Even after he had spoken his mind, Canassatego was not quite done offering uncomfortable truths. Before the negotiations had ended, this highest-ranking member of the Iroquois Confederacy chastised the colonists for their scattershot diplomatic efforts. The fact that they—the Iroquois—had to make separate agreements with each of the colonies was a clear indication that there was too much discord among the English in America for them to ever achieve their goals.
“We heartily recommend Union and a Good Agreement between you our Brethren,” he said. “Never disagree, but preserve a strict Friendship for one another, and thereby you as well as we will become the Stronger. Our wise Forefathers established Union and Amity between the Five Nations; this has made us formidable, this has given us great weight and Authority with our Neighboring Nations. We are a Powerfull confederacy, and by your observing the same Methods our wise Forefathers have taken, you will acquire fresh Strength and Power; therefore, whatever befalls you, never fall out with one another.”
The turnabout here would have been jarring to any of the colonial negotiators, amounting to a cognitive dissonance long before the phrase had been coined. The colonists had arrived at the negotiations full of the usual dismissive attitudes toward their native interlocutors. Witham Marshe, for one, could not help but dwell on their weakness for alcohol, their ragged appearance, their backward ways.

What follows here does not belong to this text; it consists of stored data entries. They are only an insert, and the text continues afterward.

(* Let $(\pi_k)_{k=0}^K$ be deterministic policies on an MDP as in the context, with $q^{\pi'_k}$, $v^{\pi'_k}$, $\sigma_k^2$ and $\Sigma_k^2$ defined in the context. Then for every $k\in\{1,\dots,K\}$, $$\Sigma_k^2 = \gamma^2\sigma_k^2 + \gamma^2P^{\pi_{k-1}}\Sigma_{k-1}^2.$$
   Context: MDP: finite state set $\mathcal{X}$, finite action set $\mathcal{A}$, discount $\gamma\in[0,1)$, reward $r\in[-1,1]^{\mathcal{X}\times\mathcal{A}}$, transition kernel $P(y|x,a)$. $(Pv)(x,a)=\sum_yP(y|x,a)v(y)$; for a policy $\pi$, $(\pi q)(x)=\sum_a\pi(a|x)q(x,a)$ and $(P^\pi q)(x,a) = (P\pi q)(x,a)$; $q^\pi$ is the unique fixed point of $q\mapsto r+\gamma P^\pi q$, $v^\pi=\pi q^\pi$. Definitions: $q^{\pi'_0}:=q^{\pi_0}$; $v^{\pi'_k} := \pi_kq^{\pi'_k}$; $q^{\pi'_k}:=r+\gamma Pv^{\pi'_{k-1}}$ for $k\in[K]$. $\sigma_0^2 := P(v^{\pi_0})^2-(Pv^{\pi_0})^2$ and $\sigma_k^2 := P(v^{\pi'_{k-1}})^2 - (Pv^{\pi'_{k-1}})^2$ for $k\in[K]$. For $k\in\{0,\dots,K\}$ and $(x,a)$, let $(X_t,A_t)_{t\ge0}$ be the process with $X_0=x$, $A_0=a$, $X_{t+1}\sim P(\cdot|X_t,A_t)$, $A_t = \pi_{k-t}(X_t)$ for $1\le t\le k$ and $A_t=\pi_0(X_t)$ for $t>k$, and define $\Sigma_k^2(x,a) := \mathbb{E}\big[(\sum_{t=0}^\infty\gamma^t r(X_t,A_t) - q^{\pi'_k}(x,a))^2\big]$. *)

theory Defs
  imports "HOL-Probability.Probability"
begin

text \<open>Finite MDP: states of finite type 'x, actions of finite type 'a,
  transition kernel P x a (a pmf on next states), reward r, discount g.
  Deterministic policies are functions 'x \<Rightarrow> 'a; a sequence of them is
  indexed by nat (only indices 0..K matter).\<close>

definition Pop :: "('x::finite \<Rightarrow> 'a \<Rightarrow> 'x pmf) \<Rightarrow> ('x \<Rightarrow> real) \<Rightarrow> 'x \<Rightarrow> 'a \<Rightarrow> real" where
  "Pop P v x a = (\<Sum>y\<in>UNIV. pmf (P x a) y * v y)"

definition polv :: "('x \<Rightarrow> 'a) \<Rightarrow> ('x \<Rightarrow> 'a \<Rightarrow> real) \<Rightarrow> 'x \<Rightarrow> real" where
  "polv pol q x = q x (pol x)"

definition Ppol :: "('x::finite \<Rightarrow> 'a \<Rightarrow> 'x pmf) \<Rightarrow> ('x \<Rightarrow> 'a) \<Rightarrow> ('x \<Rightarrow> 'a \<Rightarrow> real) \<Rightarrow> 'x \<Rightarrow> 'a \<Rightarrow> real" where
  "Ppol P pol q = Pop P (polv pol q)"

definition qpi :: "('x::finite \<Rightarrow> 'a \<Rightarrow> 'x pmf) \<Rightarrow> ('x \<Rightarrow> 'a \<Rightarrow> real) \<Rightarrow> real \<Rightarrow> ('x \<Rightarrow> 'a) \<Rightarrow> 'x \<Rightarrow> 'a \<Rightarrow> real" where
  "qpi P r g pol = (THE q. \<forall>x a. q x a = r x a + g * Ppol P pol q x a)"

And yet here they were presuming to tell the king’s subjects how to live and organize themselves.
No matter the immediate outcome of the negotiations, or the ultimate victory the colonists and their descendants would eventually have over native ways of life, in that moment, forced to compare their own political disorder to the accord among the Iroquois, the colonists who had earlier jeered at the Indians could only have been humbled. Conrad Weiser, meanwhile, who had actually given voice to Canassatego’s rebuke, was inspired.
What accounted for such confidence on the part of the Iroquois? Though they were an ancient nation by this time, and though they occupied a strategically significant location between English and French strongholds in North America, they had nowhere near the population or the resources to truly compete with the colonists. Yet like the pilgrims who had envisioned a city upon a hill, and who drew strength from this vision despite innumerable challenges, the Iroquois sought to create a society based on religious ideas as filtered through a single enduring metaphor.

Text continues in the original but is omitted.